- Instructions for the task:
From the first line of the records down to the one that holds "define S where", transcribe each line exactly and add nothing.

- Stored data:
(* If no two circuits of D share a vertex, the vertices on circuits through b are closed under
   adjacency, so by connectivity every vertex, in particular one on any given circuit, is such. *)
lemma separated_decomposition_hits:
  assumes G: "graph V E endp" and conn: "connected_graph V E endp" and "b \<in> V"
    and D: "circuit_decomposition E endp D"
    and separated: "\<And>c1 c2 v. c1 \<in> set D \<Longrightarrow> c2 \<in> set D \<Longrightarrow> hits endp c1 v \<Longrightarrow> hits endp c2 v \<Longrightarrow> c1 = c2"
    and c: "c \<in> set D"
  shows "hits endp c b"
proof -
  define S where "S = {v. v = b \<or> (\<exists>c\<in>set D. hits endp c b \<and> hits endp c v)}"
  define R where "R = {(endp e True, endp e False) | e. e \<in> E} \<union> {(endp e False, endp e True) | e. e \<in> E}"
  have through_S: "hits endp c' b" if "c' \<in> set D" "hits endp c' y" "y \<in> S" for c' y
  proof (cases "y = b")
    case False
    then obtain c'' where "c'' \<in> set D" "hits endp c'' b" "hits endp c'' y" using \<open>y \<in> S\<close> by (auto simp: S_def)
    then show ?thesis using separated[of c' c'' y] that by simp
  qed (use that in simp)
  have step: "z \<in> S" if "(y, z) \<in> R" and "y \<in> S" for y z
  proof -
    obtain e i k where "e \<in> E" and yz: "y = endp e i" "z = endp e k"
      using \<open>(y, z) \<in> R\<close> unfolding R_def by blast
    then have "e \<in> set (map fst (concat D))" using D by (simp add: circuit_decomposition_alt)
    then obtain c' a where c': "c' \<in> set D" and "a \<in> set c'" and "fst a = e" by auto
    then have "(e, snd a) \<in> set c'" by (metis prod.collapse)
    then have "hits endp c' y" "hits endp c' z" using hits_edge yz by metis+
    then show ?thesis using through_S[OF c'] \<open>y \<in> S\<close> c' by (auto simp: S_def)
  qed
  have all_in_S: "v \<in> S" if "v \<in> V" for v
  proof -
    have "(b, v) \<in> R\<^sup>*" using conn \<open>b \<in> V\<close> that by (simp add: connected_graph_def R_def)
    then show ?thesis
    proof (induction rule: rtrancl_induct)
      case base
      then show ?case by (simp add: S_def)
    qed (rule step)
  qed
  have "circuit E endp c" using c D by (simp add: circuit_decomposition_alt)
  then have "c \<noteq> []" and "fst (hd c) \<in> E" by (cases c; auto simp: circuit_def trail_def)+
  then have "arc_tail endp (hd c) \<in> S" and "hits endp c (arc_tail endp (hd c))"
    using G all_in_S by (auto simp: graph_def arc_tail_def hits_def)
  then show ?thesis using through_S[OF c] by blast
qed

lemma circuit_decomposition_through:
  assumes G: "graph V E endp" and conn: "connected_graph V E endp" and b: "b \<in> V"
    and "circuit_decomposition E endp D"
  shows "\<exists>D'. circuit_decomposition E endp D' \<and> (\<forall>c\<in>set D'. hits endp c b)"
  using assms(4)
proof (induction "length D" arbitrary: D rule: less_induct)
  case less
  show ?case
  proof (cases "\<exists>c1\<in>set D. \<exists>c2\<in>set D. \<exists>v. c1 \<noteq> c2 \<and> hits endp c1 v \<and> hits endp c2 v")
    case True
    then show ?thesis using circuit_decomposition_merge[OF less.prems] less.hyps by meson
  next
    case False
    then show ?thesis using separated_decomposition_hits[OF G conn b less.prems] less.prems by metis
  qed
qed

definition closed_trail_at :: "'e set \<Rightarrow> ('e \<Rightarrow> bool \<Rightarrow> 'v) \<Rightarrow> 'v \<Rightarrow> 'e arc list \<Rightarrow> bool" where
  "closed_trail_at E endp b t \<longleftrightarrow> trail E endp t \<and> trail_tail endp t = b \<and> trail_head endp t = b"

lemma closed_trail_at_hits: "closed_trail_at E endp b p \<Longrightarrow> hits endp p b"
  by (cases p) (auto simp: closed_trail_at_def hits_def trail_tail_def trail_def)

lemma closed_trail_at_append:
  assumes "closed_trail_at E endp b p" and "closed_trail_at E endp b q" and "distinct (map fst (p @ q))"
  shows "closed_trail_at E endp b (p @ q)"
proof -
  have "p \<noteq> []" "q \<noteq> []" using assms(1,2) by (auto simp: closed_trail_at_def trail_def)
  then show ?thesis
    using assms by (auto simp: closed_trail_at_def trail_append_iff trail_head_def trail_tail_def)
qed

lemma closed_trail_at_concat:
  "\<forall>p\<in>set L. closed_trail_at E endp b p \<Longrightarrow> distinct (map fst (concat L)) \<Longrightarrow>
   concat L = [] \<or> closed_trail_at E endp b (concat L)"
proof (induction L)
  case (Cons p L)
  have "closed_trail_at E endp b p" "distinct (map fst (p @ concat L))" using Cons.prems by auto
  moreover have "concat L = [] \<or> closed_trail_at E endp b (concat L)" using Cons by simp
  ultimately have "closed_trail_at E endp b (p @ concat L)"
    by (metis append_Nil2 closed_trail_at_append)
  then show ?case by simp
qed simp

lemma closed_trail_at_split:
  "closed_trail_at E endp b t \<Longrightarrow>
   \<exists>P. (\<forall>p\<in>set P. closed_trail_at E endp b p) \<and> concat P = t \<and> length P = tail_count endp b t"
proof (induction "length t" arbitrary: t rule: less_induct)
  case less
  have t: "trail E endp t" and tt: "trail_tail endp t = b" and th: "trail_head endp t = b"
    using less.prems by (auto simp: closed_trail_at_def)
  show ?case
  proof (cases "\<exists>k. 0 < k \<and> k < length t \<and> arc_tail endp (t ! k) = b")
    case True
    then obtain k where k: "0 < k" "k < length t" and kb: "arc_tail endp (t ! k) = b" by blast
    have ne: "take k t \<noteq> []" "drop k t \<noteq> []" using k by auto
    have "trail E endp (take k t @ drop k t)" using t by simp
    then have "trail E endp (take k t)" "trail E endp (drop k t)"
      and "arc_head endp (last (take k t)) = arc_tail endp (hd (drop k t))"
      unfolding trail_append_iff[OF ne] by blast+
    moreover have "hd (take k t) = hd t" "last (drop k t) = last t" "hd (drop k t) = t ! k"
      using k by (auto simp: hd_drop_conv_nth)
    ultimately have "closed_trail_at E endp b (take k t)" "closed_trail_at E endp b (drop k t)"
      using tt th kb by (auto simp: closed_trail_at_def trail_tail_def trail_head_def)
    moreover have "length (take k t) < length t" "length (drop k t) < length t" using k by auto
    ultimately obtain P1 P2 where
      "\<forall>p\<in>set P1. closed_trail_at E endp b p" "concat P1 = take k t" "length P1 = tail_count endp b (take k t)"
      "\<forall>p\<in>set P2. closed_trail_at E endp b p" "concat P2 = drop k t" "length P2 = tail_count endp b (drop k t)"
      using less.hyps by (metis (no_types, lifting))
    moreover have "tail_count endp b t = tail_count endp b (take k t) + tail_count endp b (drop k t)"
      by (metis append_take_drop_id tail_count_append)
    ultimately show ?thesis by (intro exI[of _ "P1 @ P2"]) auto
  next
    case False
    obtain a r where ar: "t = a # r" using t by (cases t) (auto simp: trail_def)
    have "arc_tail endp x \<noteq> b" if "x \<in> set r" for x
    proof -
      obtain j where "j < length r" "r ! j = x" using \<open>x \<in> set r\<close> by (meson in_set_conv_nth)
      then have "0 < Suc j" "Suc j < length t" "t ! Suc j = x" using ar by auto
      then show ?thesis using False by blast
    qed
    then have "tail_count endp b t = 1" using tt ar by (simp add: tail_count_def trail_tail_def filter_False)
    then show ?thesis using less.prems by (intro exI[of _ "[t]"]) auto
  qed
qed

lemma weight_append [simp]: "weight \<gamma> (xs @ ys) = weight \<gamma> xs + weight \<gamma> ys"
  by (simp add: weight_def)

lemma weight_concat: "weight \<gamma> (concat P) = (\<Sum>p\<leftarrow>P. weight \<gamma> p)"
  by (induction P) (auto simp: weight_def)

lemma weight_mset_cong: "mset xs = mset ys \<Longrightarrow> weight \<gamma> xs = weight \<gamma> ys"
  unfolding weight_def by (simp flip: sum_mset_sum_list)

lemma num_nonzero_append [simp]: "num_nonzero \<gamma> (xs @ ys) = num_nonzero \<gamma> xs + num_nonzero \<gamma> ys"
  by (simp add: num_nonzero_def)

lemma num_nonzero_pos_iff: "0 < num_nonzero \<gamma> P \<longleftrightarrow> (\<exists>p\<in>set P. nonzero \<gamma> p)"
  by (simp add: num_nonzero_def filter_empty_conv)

- Solution for this problem:
(* If no two circuits of D share a vertex, the vertices on circuits through b are closed under
   adjacency, so by connectivity every vertex, in particular one on any given circuit, is such. *)
lemma separated_decomposition_hits:
  assumes G: "graph V E endp" and conn: "connected_graph V E endp" and "b \<in> V"
    and D: "circuit_decomposition E endp D"
    and separated: "\<And>c1 c2 v. c1 \<in> set D \<Longrightarrow> c2 \<in> set D \<Longrightarrow> hits endp c1 v \<Longrightarrow> hits endp c2 v \<Longrightarrow> c1 = c2"
    and c: "c \<in> set D"
  shows "hits endp c b"
proof -
  define S where "S = {v. v = b \<or> (\<exists>c\<in>set D. hits endp c b \<and> hits endp c v)}"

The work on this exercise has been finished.